- How to complete this task
Your answer must hold only the lines below from the line containing "w u \<longleftrightarrow>" through the line containing "w = (\<lambda>n.", each reproduced exactly.

★ ★ ★ ★ ★

(* Let $\Omega$ be the shift-orbit closure of a Sturmian word, with characteristic word $\tilde\omega$, and let $\omega,\omega'\in\Omega$ be distinct with $T^{n_0}(\omega)=T^{n_0}(\omega')=\tilde\omega$ for some $n_0\ge1$. Then for every factor $u$ of elements of $\Omega$ and every non-principal ultrafilter $p\in\beta\mathbb N$, $\omega|_u\in p$ if and only if $\omega'|_u\in p$. In particular $p^*(\omega)=p^*(\omega')$.
   Context: A Sturmian word is an infinite word over $\{0,1\}$ having exactly $k+1$ distinct factors of length $k$ for every $k\ge0$. $T$ is the shift, $\Omega$ the shift-orbit closure; $\tilde\omega$ is the unique element of $\Omega$ all of whose prefixes $v$ are left special ($0v$, $1v$ both factors). $\omega|_u=\{n\in\mathbb N:\omega_n\cdots\omega_{n+|u|-1}=u\}$. $\beta\mathbb N$ is the set of ultrafilters on $\mathbb N$; for $p\in\beta\mathbb N$, $p^*(\omega)$ is the unique infinite word such that a finite word $u$ is a prefix of $p^*(\omega)$ iff $\omega|_u\in p$. *)

theory Defs
  imports Main
begin

text \<open>Infinite words over the alphabet {0,1} are functions nat => nat (with values in {0,1});
finite words are lists of naturals.\<close>

definition factor_of :: "(nat \<Rightarrow> nat) \<Rightarrow> nat list \<Rightarrow> bool" where
  "factor_of w u \<longleftrightarrow> (\<exists>i. u = map w [i..<i + length u])"

definition factors_len :: "(nat \<Rightarrow> nat) \<Rightarrow> nat \<Rightarrow> nat list set" where
  "factors_len w k = {u. length u = k \<and> factor_of w u}"

definition sturmian :: "(nat \<Rightarrow> nat) \<Rightarrow> bool" where
  "sturmian w \<longleftrightarrow> range w \<subseteq> {0, 1} \<and> (\<forall>k. card (factors_len w k) = k + 1)"

definition shift :: "(nat \<Rightarrow> nat) \<Rightarrow> (nat \<Rightarrow> nat)" where
  "shift w = (\<lambda>n. w (Suc n))"

text \<open>Closure of the shift orbit in the product topology (cylinder sets as basis).\<close>
definition orbit_closure :: "(nat \<Rightarrow> nat) \<Rightarrow> (nat \<Rightarrow> nat) set" where
  "orbit_closure w0 = {x. \<forall>n. \<exists>k. \<forall>i<n. x i = (shift ^^ k) w0 i}"

definition prefix_of_len :: "(nat \<Rightarrow> nat) \<Rightarrow> nat \<Rightarrow> nat list" where
  "prefix_of_len x n = map x [0..<n]"

definition left_special :: "(nat \<Rightarrow> nat) set \<Rightarrow> nat list \<Rightarrow> bool" where
  "left_special \<Omega> v \<longleftrightarrow> (\<exists>x\<in>\<Omega>. factor_of x (0 # v)) \<and> (\<exists>x\<in>\<Omega>. factor_of x (1 # v))"

definition characteristic :: "(nat \<Rightarrow> nat) set \<Rightarrow> (nat \<Rightarrow> nat)" where
  "characteristic \<Omega> = (THE x. x \<in> \<Omega> \<and> (\<forall>n. left_special \<Omega> (prefix_of_len x n)))"

definition occ :: "(nat \<Rightarrow> nat) \<Rightarrow> nat list \<Rightarrow> nat set" where
  "occ w u = {n. map w [n..<n + length u] = u}"

definition ultrafilter_nat :: "nat set set \<Rightarrow> bool" where
  "ultrafilter_nat p \<longleftrightarrow>
     UNIV \<in> p \<and> {} \<notin> p \<and>
     (\<forall>A B. A \<in> p \<and> A \<subseteq> B \<longrightarrow> B \<in> p) \<and>
     (\<forall>A B. A \<in> p \<and> B \<in> p \<longrightarrow> A \<inter> B \<in> p) \<and>
     (\<forall>A. A \<in> p \<or> - A \<in> p)"

definition nonprincipal :: "nat set set \<Rightarrow> bool" where
  "nonprincipal p \<longleftrightarrow> (\<forall>n. {n} \<notin> p)"

definition pstar :: "nat set set \<Rightarrow> (nat \<Rightarrow> nat) \<Rightarrow> (nat \<Rightarrow> nat)" where
  "pstar p w = (THE x. \<forall>u. prefix_of_len x (length u) = u \<longleftrightarrow> occ w u \<in> p)"

end

theory Submission
  imports Defs
begin

text \<open>\<omega> and \<omega>' share their tail after position n0, so for every word u their occurrence
  sets agree above n0. A nonprincipal ultrafilter contains every tail {n0..} and therefore cannot
  distinguish sets that differ only below n0. Since p^*(\<omega>) is determined by which occurrence
  sets lie in p, it follows that p^*(\<omega>) = p^*(\<omega>').\<close>

lemma funpow_shift_apply: "(shift ^^ n) w i = w (i + n)"
  by (induction n arbitrary: w i) (simp_all add: shift_def)

lemma ultrafilter_nat_atLeast:
  assumes "ultrafilter_nat p" "nonprincipal p"
  shows "{n..} \<in> p"
proof (induction n)
  case 0
  then show ?case using assms(1) by (simp add: ultrafilter_nat_def)
next
  case (Suc n)
  have "- {n} \<in> p" using assms unfolding ultrafilter_nat_def nonprincipal_def by blast
  with Suc have "{n..} \<inter> - {n} \<in> p" using assms(1) unfolding ultrafilter_nat_def by blast
  moreover have "{n..} \<inter> - {n} = {Suc n..}" by auto
  ultimately show ?case by simp
qed

lemma ultrafilter_nat_mem_iff_eq_above:
  assumes "ultrafilter_nat p" "nonprincipal p"
    and "A \<inter> {n..} = B \<inter> {n..}"
  shows "A \<in> p \<longleftrightarrow> B \<in> p"
proof -
  have tail: "{n..} \<in> p" using assms(1,2) by (rule ultrafilter_nat_atLeast)
  have "C \<in> p \<longleftrightarrow> C \<inter> {n..} \<in> p" for C
    using assms(1) tail unfolding ultrafilter_nat_def by blast
  then show ?thesis using assms(3) by metis
qed

lemma occ_inter_atLeast_eq:
  assumes "\<And>i. i \<ge> n \<Longrightarrow> w i = w' i"
  shows "occ w u \<inter> {n..} = occ w' u \<inter> {n..}"
proof -
  have "map w [m..<m + length u] = map w' [m..<m + length u]" if "m \<ge> n" for m
    using that assms by (intro map_cong) auto
  then show ?thesis unfolding occ_def by (auto simp del: map_eq_conv)
qed

theorem mainTheorem15:
  fixes w0 \<omega> \<omega>' :: "nat \<Rightarrow> nat" and n0 :: nat
  assumes "sturmian w0"
    and "\<omega> \<in> orbit_closure w0" and "\<omega>' \<in> orbit_closure w0" and "\<omega> \<noteq> \<omega>'"
    and "n0 \<ge> 1"
    and "(shift ^^ n0) \<omega> = characteristic (orbit_closure w0)"
    and "(shift ^^ n0) \<omega>' = characteristic (orbit_closure w0)"
  shows "(\<forall>p u. ultrafilter_nat p \<and> nonprincipal p \<and> (\<exists>x\<in>orbit_closure w0. factor_of x u)
            \<longrightarrow> (occ \<omega> u \<in> p \<longleftrightarrow> occ \<omega>' u \<in> p))
         \<and> (\<forall>p. ultrafilter_nat p \<and> nonprincipal p \<longrightarrow> pstar p \<omega> = pstar p \<omega>')"
proof -
  have tails_agree: "\<omega> i = \<omega>' i" if "i \<ge> n0" for i
  proof -
    have "\<omega> i = (shift ^^ n0) \<omega> (i - n0)" using that by (simp add: funpow_shift_apply)
    also have "\<dots> = (shift ^^ n0) \<omega>' (i - n0)" using assms(6,7) by simp
    also have "\<dots> = \<omega>' i" using that by (simp add: funpow_shift_apply)
    finally show ?thesis .
  qed
  have occ_iff: "occ \<omega> u \<in> p \<longleftrightarrow> occ \<omega>' u \<in> p"
    if "ultrafilter_nat p" "nonprincipal p" for p u
    using that occ_inter_atLeast_eq[OF tails_agree] by (rule ultrafilter_nat_mem_iff_eq_above)
  show ?thesis
  proof (intro conjI allI impI)
    fix p u
    assume "ultrafilter_nat p \<and> nonprincipal p \<and> (\<exists>x\<in>orbit_closure w0. factor_of x u)"
    then show "occ \<omega> u \<in> p \<longleftrightarrow> occ \<omega>' u \<in> p" using occ_iff by blast
  next
    fix p assume "ultrafilter_nat p \<and> nonprincipal p"
    then show "pstar p \<omega> = pstar p \<omega>'" unfolding pstar_def using occ_iff by simp
  qed
qed

end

★ ★ ★ ★ ★

- Answer to this problem
  "factor_of w u \<longleftrightarrow> (\<exists>i. u = map w [i..<i + length u])"

definition factors_len :: "(nat \<Rightarrow> nat) \<Rightarrow> nat \<Rightarrow> nat list set" where
  "factors_len w k = {u. length u = k \<and> factor_of w u}"

definition sturmian :: "(nat \<Rightarrow> nat) \<Rightarrow> bool" where
  "sturmian w \<longleftrightarrow> range w \<subseteq> {0, 1} \<and> (\<forall>k. card (factors_len w k) = k + 1)"

definition shift :: "(nat \<Rightarrow> nat) \<Rightarrow> (nat \<Rightarrow> nat)" where
  "shift w = (\<lambda>n. w (Suc n))"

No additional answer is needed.